● Brief: Please output the entries below from the line that contains "by (simp add: power_mult_distrib mult.assoc[symmetric]" through the final line, reproduced exactly and alone.

● Listed entries:

lemma norm_functional_calculus_diff_le:
  fixes x y V Q :: "complex^'n^'n"
  assumes V: "unitary_mat V" and Q: "unitary_mat Q"
    and Hx: "mat_adj x ** x = V ** mat_diag (\<lambda>i. (s i)\<^sup>2) ** mat_adj V"
    and Hy: "mat_adj y ** y = Q ** mat_diag (\<lambda>i. (t i)\<^sup>2) ** mat_adj Q"
    and s0: "\<And>i. s i \<ge> 0" and t0: "\<And>j. t j \<ge> 0"
    and L: "L \<ge> 0" and lip: "\<And>i j. \<bar>f (s i) - f (t j)\<bar> \<le> L * \<bar>s i - t j\<bar>"
  shows "norm (V ** mat_diag (\<lambda>i. f (s i)) ** mat_adj V - Q ** mat_diag (\<lambda>i. f (t i)) ** mat_adj Q)
         \<le> sqrt 2 * L * norm (x - y)"
proof -
  define A where "A = mat_adj V ** Q"
  define M where "M = V ** mat_diag (\<lambda>i. f (s i)) ** mat_adj V - Q ** mat_diag (\<lambda>i. f (t i)) ** mat_adj Q"
  have "mat_adj V ** M ** Q = mat_diag (\<lambda>i. f (s i)) ** A - A ** mat_diag (\<lambda>i. f (t i))"
    using V Q by (simp add: M_def A_def matrix_diff_ldistrib matrix_diff_rdistrib matrix_mul_assoc
        unitary_matD unitary_mat_cancel)
  moreover have "norm (mat_adj V ** M ** Q) = norm M"
    using V Q by (simp add: norm_unitary_mult_right norm_unitary_mult_left unitary_mat_adj)
  ultimately have "(norm M)\<^sup>2 = (norm (mat_diag (\<lambda>i. f (s i)) ** A - A ** mat_diag (\<lambda>i. f (t i))))\<^sup>2"
    by simp
  also have "\<dots> = (\<Sum>i\<in>UNIV. \<Sum>j\<in>UNIV. (f (s i) - f (t j))\<^sup>2 * (cmod (A $ i $ j))\<^sup>2)"
    unfolding power2_norm_matrix
  proof (intro sum.cong refl)
    fix i j
    have "(mat_diag (\<lambda>i. f (s i)) ** A - A ** mat_diag (\<lambda>i. f (t i))) $ i $ j
          = complex_of_real (f (s i) - f (t j)) * A $ i $ j"
      by (simp add: algebra_simps)
    thus "(cmod ((mat_diag (\<lambda>i. f (s i)) ** A - A ** mat_diag (\<lambda>i. f (t i))) $ i $ j))\<^sup>2 =
          (f (s i) - f (t j))\<^sup>2 * (cmod (A $ i $ j))\<^sup>2"
      by (simp add: norm_mult power_mult_distrib del: of_real_diff)
  qed
  also have "\<dots> \<le> (\<Sum>i\<in>UNIV. \<Sum>j\<in>UNIV. L\<^sup>2 * ((s i - t j)\<^sup>2 * (cmod (A $ i $ j))\<^sup>2))"
  proof (intro sum_mono)
    fix i j
    have "(f (s i) - f (t j))\<^sup>2 \<le> (L * \<bar>s i - t j\<bar>)\<^sup>2"
      using power_mono[OF lip[of i j], of 2] by simp
    thus "(f (s i) - f (t j))\<^sup>2 * (cmod (A $ i $ j))\<^sup>2 \<le> L\<^sup>2 * ((s i - t j)\<^sup>2 * (cmod (A $ i $ j))\<^sup>2)"
      by (simp add: power_mult_distrib mult.assoc[symmetric] mult_right_mono)
  qed
  also have "\<dots> \<le> L\<^sup>2 * (2 * (norm (x - y))\<^sup>2)"
    unfolding A_def sum_distrib_left[symmetric]
    by (intro mult_left_mono sum_singular_value_gaps_le[OF V Q Hx Hy s0 t0]) auto
  also have "\<dots> = (sqrt 2 * L * norm (x - y))\<^sup>2" by (simp add: power_mult_distrib)
  finally show ?thesis
    unfolding M_def[symmetric] by (rule power2_le_imp_le) (use L in auto)
qed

● The completed task:
      by (simp add: power_mult_distrib mult.assoc[symmetric] mult_right_mono)
  qed
  also have "\<dots> \<le> L\<^sup>2 * (2 * (norm (x - y))\<^sup>2)"
    unfolding A_def sum_distrib_left[symmetric]
    by (intro mult_left_mono sum_singular_value_gaps_le[OF V Q Hx Hy s0 t0]) auto
  also have "\<dots> = (sqrt 2 * L * norm (x - y))\<^sup>2" by (simp add: power_mult_distrib)
  finally show ?thesis
    unfolding M_def[symmetric] by (rule power2_le_imp_le) (use L in auto)
qed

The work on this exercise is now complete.